*** Block opens ***

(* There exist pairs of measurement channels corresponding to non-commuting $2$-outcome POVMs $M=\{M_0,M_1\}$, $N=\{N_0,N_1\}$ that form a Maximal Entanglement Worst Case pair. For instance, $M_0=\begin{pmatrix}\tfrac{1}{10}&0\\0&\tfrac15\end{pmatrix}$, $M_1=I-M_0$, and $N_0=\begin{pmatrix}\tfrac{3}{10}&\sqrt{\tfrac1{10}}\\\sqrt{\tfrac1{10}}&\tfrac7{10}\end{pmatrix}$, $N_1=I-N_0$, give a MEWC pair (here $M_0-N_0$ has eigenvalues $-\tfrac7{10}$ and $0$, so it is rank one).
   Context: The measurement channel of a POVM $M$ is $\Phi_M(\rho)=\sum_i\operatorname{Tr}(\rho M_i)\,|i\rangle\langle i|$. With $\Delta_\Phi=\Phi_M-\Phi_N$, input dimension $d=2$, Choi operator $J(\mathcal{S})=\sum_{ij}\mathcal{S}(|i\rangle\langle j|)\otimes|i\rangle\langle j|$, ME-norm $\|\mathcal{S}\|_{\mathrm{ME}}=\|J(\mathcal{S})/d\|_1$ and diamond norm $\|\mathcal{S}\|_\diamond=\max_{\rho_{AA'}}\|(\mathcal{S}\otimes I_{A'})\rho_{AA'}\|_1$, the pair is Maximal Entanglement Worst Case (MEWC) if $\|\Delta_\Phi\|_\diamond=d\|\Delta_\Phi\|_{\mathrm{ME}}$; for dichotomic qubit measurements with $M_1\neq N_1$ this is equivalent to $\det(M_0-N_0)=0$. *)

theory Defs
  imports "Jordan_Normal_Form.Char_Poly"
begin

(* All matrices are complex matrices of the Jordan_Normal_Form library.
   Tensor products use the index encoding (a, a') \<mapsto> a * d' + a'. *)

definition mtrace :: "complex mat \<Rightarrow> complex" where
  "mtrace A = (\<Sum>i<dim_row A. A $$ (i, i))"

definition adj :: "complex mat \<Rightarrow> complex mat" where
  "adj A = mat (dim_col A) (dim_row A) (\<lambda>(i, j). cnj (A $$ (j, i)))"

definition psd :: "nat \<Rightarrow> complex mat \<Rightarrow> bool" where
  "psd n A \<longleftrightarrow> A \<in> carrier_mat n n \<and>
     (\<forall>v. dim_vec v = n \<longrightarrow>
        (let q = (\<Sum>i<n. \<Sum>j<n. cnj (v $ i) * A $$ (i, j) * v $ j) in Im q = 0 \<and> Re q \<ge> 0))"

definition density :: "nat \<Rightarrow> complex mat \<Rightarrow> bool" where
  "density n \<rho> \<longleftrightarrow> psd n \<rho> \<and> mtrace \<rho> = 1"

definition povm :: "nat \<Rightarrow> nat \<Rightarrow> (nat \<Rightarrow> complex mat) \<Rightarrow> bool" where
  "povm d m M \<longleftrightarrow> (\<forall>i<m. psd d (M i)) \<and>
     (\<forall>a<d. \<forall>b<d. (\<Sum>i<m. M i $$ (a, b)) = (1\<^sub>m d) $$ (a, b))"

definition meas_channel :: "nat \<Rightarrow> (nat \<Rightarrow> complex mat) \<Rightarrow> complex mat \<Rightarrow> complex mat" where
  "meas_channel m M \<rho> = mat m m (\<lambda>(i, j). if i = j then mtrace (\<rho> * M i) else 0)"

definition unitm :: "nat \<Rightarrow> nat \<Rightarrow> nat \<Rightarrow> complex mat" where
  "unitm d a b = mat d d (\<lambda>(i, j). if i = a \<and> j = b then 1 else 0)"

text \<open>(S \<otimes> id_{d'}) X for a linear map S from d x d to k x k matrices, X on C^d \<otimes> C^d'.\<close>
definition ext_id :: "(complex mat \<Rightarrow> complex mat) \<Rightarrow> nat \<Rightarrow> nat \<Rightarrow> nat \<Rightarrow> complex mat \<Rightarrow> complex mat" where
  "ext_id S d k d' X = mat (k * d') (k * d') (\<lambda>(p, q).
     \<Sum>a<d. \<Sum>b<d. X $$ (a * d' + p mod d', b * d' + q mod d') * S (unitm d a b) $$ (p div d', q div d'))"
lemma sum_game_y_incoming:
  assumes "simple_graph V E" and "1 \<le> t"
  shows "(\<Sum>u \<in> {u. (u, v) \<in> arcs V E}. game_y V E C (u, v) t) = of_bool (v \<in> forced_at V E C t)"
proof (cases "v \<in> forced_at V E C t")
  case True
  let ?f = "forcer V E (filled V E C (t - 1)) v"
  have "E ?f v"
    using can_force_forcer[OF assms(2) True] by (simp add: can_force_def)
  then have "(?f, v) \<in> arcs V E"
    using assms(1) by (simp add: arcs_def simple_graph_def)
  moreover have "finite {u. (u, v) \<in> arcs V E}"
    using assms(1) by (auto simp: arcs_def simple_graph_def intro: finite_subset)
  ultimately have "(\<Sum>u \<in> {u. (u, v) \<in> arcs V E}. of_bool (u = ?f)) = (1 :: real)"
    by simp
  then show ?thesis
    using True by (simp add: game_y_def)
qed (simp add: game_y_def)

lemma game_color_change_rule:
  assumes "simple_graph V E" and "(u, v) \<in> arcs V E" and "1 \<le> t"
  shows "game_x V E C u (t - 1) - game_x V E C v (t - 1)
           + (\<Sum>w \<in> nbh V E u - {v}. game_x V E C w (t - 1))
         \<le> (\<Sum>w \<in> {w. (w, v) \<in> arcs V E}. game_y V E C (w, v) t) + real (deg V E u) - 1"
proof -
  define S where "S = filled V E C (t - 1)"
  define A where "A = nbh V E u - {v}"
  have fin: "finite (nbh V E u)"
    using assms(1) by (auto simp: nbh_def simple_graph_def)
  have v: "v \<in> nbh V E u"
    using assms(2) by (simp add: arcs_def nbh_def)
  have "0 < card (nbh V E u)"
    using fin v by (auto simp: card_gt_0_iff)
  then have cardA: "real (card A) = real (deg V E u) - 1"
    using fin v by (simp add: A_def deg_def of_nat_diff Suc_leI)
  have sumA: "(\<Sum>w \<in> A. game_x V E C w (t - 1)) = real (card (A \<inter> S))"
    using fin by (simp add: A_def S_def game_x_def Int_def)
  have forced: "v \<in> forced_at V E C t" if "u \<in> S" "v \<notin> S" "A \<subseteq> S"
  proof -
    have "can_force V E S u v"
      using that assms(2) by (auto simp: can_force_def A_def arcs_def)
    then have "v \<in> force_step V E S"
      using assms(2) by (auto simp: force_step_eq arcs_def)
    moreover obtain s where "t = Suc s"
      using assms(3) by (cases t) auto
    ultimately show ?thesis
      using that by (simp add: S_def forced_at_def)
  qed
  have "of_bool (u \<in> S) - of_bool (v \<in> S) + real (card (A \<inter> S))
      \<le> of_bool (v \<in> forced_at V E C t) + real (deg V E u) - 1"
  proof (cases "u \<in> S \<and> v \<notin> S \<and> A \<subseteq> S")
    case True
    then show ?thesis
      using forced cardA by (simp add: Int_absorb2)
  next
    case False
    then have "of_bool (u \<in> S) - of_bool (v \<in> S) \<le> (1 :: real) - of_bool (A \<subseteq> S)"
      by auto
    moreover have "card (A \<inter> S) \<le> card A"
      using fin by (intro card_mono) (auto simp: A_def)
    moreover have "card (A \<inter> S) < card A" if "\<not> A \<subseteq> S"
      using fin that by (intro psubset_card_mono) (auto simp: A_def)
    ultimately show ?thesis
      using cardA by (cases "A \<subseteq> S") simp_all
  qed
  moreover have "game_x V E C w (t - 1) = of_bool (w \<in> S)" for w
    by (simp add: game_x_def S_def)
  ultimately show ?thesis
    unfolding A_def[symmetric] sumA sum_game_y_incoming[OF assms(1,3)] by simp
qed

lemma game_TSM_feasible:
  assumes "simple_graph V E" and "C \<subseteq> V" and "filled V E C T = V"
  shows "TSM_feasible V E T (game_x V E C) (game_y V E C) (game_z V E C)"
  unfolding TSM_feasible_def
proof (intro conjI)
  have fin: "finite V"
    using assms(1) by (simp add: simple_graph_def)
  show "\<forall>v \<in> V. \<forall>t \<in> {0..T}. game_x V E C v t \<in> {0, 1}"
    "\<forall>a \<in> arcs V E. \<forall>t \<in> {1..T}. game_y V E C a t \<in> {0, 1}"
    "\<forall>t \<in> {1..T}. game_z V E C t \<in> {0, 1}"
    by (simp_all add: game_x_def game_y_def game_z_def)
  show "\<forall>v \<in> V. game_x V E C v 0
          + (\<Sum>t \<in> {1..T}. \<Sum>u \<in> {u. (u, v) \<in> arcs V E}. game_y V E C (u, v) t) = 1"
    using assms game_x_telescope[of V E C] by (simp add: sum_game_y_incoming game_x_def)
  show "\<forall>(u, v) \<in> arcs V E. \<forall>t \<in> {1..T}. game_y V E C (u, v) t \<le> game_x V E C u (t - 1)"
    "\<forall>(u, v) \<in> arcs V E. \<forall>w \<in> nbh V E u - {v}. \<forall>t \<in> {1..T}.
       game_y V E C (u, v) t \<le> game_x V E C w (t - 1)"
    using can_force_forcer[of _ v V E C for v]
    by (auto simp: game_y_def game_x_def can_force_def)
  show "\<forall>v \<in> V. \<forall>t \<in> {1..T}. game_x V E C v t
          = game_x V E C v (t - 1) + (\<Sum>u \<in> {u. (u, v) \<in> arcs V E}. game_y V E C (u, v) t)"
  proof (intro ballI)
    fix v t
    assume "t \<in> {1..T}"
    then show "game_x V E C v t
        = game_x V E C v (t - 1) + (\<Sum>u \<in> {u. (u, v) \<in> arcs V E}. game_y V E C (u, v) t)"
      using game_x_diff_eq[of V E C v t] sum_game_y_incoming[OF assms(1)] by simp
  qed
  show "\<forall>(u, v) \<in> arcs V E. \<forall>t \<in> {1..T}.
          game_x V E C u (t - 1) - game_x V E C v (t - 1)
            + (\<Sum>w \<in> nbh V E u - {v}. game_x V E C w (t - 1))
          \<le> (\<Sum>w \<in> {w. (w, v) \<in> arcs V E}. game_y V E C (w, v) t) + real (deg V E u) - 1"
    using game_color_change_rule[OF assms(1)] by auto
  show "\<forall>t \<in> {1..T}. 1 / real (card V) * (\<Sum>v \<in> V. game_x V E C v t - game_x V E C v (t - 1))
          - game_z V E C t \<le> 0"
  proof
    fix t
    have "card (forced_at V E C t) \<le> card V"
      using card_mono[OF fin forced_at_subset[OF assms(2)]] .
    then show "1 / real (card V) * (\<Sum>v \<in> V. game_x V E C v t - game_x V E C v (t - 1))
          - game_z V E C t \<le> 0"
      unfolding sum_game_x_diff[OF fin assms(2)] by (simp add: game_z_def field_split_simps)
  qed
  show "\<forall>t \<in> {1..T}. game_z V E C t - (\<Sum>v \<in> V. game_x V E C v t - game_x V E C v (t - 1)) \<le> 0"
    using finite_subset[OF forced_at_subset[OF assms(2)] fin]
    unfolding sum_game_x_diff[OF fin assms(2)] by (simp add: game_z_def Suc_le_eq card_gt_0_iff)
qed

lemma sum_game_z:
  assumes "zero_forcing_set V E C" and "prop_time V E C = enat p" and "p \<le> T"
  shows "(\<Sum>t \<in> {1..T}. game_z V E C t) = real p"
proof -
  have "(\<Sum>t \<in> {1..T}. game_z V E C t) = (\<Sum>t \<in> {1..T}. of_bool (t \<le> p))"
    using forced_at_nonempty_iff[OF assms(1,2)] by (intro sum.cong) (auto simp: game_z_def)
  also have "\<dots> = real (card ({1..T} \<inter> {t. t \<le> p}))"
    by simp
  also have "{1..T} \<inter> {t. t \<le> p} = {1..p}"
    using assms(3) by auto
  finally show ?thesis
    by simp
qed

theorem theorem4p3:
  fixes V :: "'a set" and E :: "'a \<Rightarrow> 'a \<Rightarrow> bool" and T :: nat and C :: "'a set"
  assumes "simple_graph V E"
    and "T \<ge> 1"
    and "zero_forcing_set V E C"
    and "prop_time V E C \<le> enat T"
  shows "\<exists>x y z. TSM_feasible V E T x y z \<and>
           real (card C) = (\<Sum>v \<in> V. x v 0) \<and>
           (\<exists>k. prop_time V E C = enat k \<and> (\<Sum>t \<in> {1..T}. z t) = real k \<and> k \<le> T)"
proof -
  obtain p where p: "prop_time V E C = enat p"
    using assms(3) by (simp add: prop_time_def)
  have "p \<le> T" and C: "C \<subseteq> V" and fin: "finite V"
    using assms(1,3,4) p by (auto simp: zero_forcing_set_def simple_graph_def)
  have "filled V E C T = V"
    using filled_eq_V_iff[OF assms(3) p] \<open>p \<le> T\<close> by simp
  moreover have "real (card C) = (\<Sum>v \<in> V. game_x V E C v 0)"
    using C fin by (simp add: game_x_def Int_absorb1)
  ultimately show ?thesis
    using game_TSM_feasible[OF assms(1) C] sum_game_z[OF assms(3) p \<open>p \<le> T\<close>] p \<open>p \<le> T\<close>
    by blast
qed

*** Block closes ***

# WORK TASK
Where the line holding "qed (simp add: game_y_def)" appears in the listing above, start reproducing exactly, and end with the line holding "using fin v by (simp".

# WORKED SOLUTION
qed (simp add: game_y_def)

lemma game_color_change_rule:
  assumes "simple_graph V E" and "(u, v) \<in> arcs V E" and "1 \<le> t"
  shows "game_x V E C u (t - 1) - game_x V E C v (t - 1)
           + (\<Sum>w \<in> nbh V E u - {v}. game_x V E C w (t - 1))
         \<le> (\<Sum>w \<in> {w. (w, v) \<in> arcs V E}. game_y V E C (w, v) t) + real (deg V E u) - 1"
proof -
  define S where "S = filled V E C (t - 1)"
  define A where "A = nbh V E u - {v}"
  have fin: "finite (nbh V E u)"
    using assms(1) by (auto simp: nbh_def simple_graph_def)
  have v: "v \<in> nbh V E u"
    using assms(2) by (simp add: arcs_def nbh_def)
  have "0 < card (nbh V E u)"
    using fin v by (auto simp: card_gt_0_iff)
  then have cardA: "real (card A) = real (deg V E u) - 1"
    using fin v by (simp add: A_def deg_def of_nat_diff Suc_leI)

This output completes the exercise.